How Artificial Intelligence Improves Efforts to Find and Replace Lead Service Lines
Given that lead is such a potent neurotoxin, getting the largest number of lead drinking water service lines replaced as quickly as possible is an obvious top priority. But it may not be immediately apparent why you’d want to use artificial intelligence and machine learning as part of these efforts. After all, we’re not looking for lost treasures. Most U.S. cities installed their drinking water service lines less than 100 years ago.
Jared Webb, Chief Data Scientist for BlueConduit, summarizes the problem as a tragically human one:
“Of course people knew when they put the service lines in what was where. But … every decade or so you switch your system for storing that information and keeping track of that information. Sometimes it gets transferred incorrectly, or incompletely, or lost altogether. Now we have large swaths of many water systems where it is simply unknown what is in the ground. And then there are other places where they might have something written down about what material is moving water, but that something is wrong.”

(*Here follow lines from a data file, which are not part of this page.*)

lemma mu_trace_square_in_span_mod_J:
  "\<exists>u v. m2_inJ n (m2add (m2smul u matC) (m2add (m2scalar v) (m2smul (- (m2tr matMu ^ 2)) matMu)))"
proof -
  define l where "l = (m2tr matMu ^ 2 - 1) * m2tr (m2mul (m2pow matC n) (m2adj matMu))
    - m2tr matMu * m2tr (m2pow matC n)"
  define \<alpha> \<beta> where "\<alpha> = fst (pow_coeffs n (m2tr matC) (m2det matC))"
    and "\<beta> = snd (pow_coeffs n (m2tr matC) (m2det matC))"
  have "m2_inJ n (m2add (m2smul l (m2pow matC n))
      (m2add (m2scalar (m2tr matMu)) (m2smul (- (m2tr matMu ^ 2)) matMu)))"
    using relator_times_mu_reduced_in_J[of n, folded l_def] .
  moreover have "m2pow matC n = m2add (m2smul \<alpha> matC) (m2scalar \<beta>)"
    unfolding \<alpha>_def \<beta>_def by (rule m2pow_eq_pow_coeffs)
  moreover have "m2add (m2smul l (m2add (m2smul \<alpha> P) (m2scalar \<beta>))) (m2add (m2scalar y) Q) =
      m2add (m2smul (l * \<alpha>) P) (m2add (m2scalar (l * \<beta> + y)) Q)" for P Q :: "cpoly m2" and y
    by (cases P rule: prod_cases4, cases Q rule: prod_cases4) (simp add: m2scalar_def algebra_simps)
  ultimately show ?thesis
    by metis
qed

lemma mu_trace_gram_square_inJ: "inJ n (mu_trace_gram ^ 2)"
proof -
  define A B y where "A = (matC :: cpoly m2)" and "B = (matMu :: cpoly m2)" and "y = m2tr matMu"
  obtain u v where "m2_inJ n (m2add (m2smul u A) (m2add (m2scalar v) (m2smul (- (y^2)) B)))"
    (is "m2_inJ n ?M")
    using mu_trace_square_in_span_mod_J unfolding A_def B_def y_def by blast
  then have "inJ n (m2tr ?M)" "inJ n (m2tr (m2mul A ?M))" "inJ n (m2tr (m2mul B ?M))"
    by (simp_all add: inJ_m2tr m2_inJ_mul_left)
  then have "inJ n (- (y^2) * trace_gram A B)"
    by (subst trace_gram_cramer[of ?M u A v "- (y^2)" B, OF refl])
      (intro inJ_add inJ_diff inJ_mult_left)
  then have "inJ n (- trace_gram A B * (- (y^2) * trace_gram A B))"
    by (rule inJ_mult_left)
  then show ?thesis
    by (simp add: mu_trace_gram_def A_def B_def y_def power2_eq_square mult_ac)
qed

section \<open>Dual numbers\<close>

datatype dual = Dual (primal: complex) (tangent: complex)

lemma dual_eq_iff: "x = y \<longleftrightarrow> primal x = primal y \<and> tangent x = tangent y"
  by (cases x, cases y) simp

instantiation dual :: comm_ring_1
begin

definition "0 = Dual 0 0"
definition "1 = Dual 1 0"
definition "x + y = Dual (primal x + primal y) (tangent x + tangent y)"
definition "x - y = Dual (primal x - primal y) (tangent x - tangent y)"
definition "- x = Dual (- primal x) (- tangent x)"
definition "x * y = Dual (primal x * primal y) (primal x * tangent y + tangent x * primal y)"

instance
  by standard (simp_all add: dual_eq_iff zero_dual_def one_dual_def plus_dual_def minus_dual_def
      uminus_dual_def times_dual_def algebra_simps)

end

lemma primal_simps [simp]:
  "primal 0 = 0" "primal 1 = 1" "primal (x + y) = primal x + primal y"
  "primal (x - y) = primal x - primal y" "primal (- x) = - primal x"
  "primal (x * y) = primal x * primal y"
  by (simp_all add: zero_dual_def one_dual_def plus_dual_def minus_dual_def uminus_dual_def
      times_dual_def)

lemma tangent_simps [simp]:
  "tangent 0 = 0" "tangent 1 = 0" "tangent (x + y) = tangent x + tangent y"
  "tangent (x - y) = tangent x - tangent y" "tangent (- x) = - tangent x"
  "tangent (x * y) = primal x * tangent y + tangent x * primal y"
  by (simp_all add: zero_dual_def one_dual_def plus_dual_def minus_dual_def uminus_dual_def
      times_dual_def)

lemma primal_numeral [simp]: "primal (numeral k) = numeral k"
  and tangent_numeral [simp]: "tangent (numeral k) = 0"
  by (induct k) (simp_all only: numeral.simps primal_simps tangent_simps add_0)

lemma primal_of_nat [simp]: "primal (of_nat k) = of_nat k"
  and tangent_of_nat [simp]: "tangent (of_nat k) = 0"
  by (induct k) simp_all

definition dual_const :: "complex \<Rightarrow> dual" where
  "dual_const c = Dual c 0"

lemma primal_dual_const [simp]: "primal (dual_const c) = c"
  and tangent_dual_const [simp]: "tangent (dual_const c) = 0"
  by (simp_all add: dual_const_def)

lemma comm_ring_hom_dual_const: "comm_ring_hom dual_const"
  by unfold_locales (simp_all add: dual_eq_iff)

lemma comm_ring_hom_primal: "comm_ring_hom primal"
  by unfold_locales simp_all

section \<open>First-order deformations\<close>

text \<open>Since \<open>X\<^sup>2 = -I\<close> and \<open>\<epsilon>\<^sup>2 = 0\<close>, \<open>adj X' = t\<epsilon> - X\<close> and \<open>(adj X')\<^sup>3 = X - 3t\<epsilon>\<close>; using
  \<open>X S X = S + tr (X S) X\<close> for traceless \<open>S\<close>, the word collapses to \<open>I + \<epsilon> (4t - tr (X S)) X\<close>.\<close>
lemma tangent_relator:
  fixes c t :: complex and S X :: "complex m2"
  assumes c: "c * c = 1" and S: "m2tr S = 0" and X: "m2tr X = 0" "m2det X = 1"
    and t: "4 * t = m2tr (m2mul X S)"
  defines "P \<equiv> m2add (m2scalar (Dual c 0)) (m2smul (Dual 0 c) (m2map dual_const S))"
    and "X' \<equiv> m2add (m2map dual_const X) (m2scalar (Dual 0 t))"
  shows "m2mul P (m2mul (m2pow (m2adj X') 3) (m2mul P (m2adj X'))) = m2id"
proof -
  obtain s1 s2 s3 where S': "S = (s1, s2, s3, - s1)" using S by (rule traceless_m2_cases)
  obtain x1 x2 x3 where X': "X = (x1, x2, x3, - x1)" using X(1) by (rule traceless_m2_cases)
  have x: "x1 * x1 + x2 * x3 = - 1"
    using X(2) by (simp add: X') algebra
  have t': "4 * t = 2 * x1 * s1 + x2 * s3 + x3 * s2"
    using t by (simp add: S' X' algebra_simps)
  show ?thesis
    unfolding P_def X'_def S' X'
    apply (simp add: m2id_def m2scalar_def numeral_3_eq_3 dual_eq_iff one_dual_def zero_dual_def)
    using c x t' by (intro conjI; algebra)
qed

Relying on those flawed records—and not asking too many questions—can put you in a situation where you erroneously believe you’re actually quite successful at removing lead service lines. (A classic example of having a high “hit rate” marred by unknown “sensitivity.”)
“It’s sadly easy to have a very high hit rate,” Jared notes, “by just going to neighborhoods where you have very good records and digging in the places where there is hardly any uncertainty that there is lead [service line]. … You can just stop there and say ‘I have a 90% hit rate; we were so successful!’”
This sort of magical thinking is extremely tempting, because that high hit rate is so easy to communicate and so reassuring to members of your community.
But succumbing to the allure of an easy answer leaves an unknown amount of lead in the ground, continuing to do harm.
Using Machine Learning to Improve Statistical Model Accuracy (and Save Money)
“We know lead service lines are harmful,” Jared adds. “But we also know there isn’t enough money to dig up every single yard of every house built before 1986. If you want to get as much lead as possible with the resources we have, you want good statistical thinking.”
Machine learning-based data science tools have proven to be the key to supercharging our statistical thinking around the challenge of finding those unknown and forgotten lead service lines.
BlueConduit’s approach starts by assuming that, as Jared puts it,
With those historic records as a jumping off point, we select a representative sample of service lines for the water system to dig up, checking the accuracy of existing records and exploring unknowns.
These findings, along with a range of other information about the local built environment (e.g. build year, zoning, location, demographics, information on nearby infrastructure like fire hydrants, local samples, etc.) is then used to train BlueConduit’s machine-learning model. That artificial intelligence then makes predictions for all of the houses in the defined area. As digging and line replacement commences, findings from those digs are regularly fed back into the model so it can improve its predictions.
Outcomes Confirm the Superiority of Data Science-Backed Predictions
AI-powered data science visualization tools have proven quite successful at improving the sensitivity of lead service line removal efforts. For example, prior to the Flint Water Crisis, existing records led city officials to believe that only around 10% to 20% of Flint’s service lines were lead. In 2016, BlueConduit began exploring the Flint water system. Their machine-learning model indicated that it seemed much more likely that roughly 50% of Flint’s water lines were lead. Throughout 2016 and 2017, Flint replaced lead lines based on BlueConduit’s recommendations. During this project the city had an 80% hit rate on those excavations. Ultimately, in 2019, after 20,000 excavations, the city verified that 50% of their inventory had indeed been lead lines.
Importantly, AI-guided environmental data science hasn’t simply proven itself to be more precise and more sensitive; it’s also significantly less expensive and much faster. Flint saved tens of millions of dollars in unneeded excavations, freeing up those resources to further secure safe drinking water for more of their citizens. Similarly, by harnessing the power of AI, Toledo massively accelerated their lead service line removal program. Toledo’s initial estimate was that it would take approximately 30 years to replace the thousands of lead service lines in their city. They now project that they’ll have replaced every lead service line in Toledo by 2027.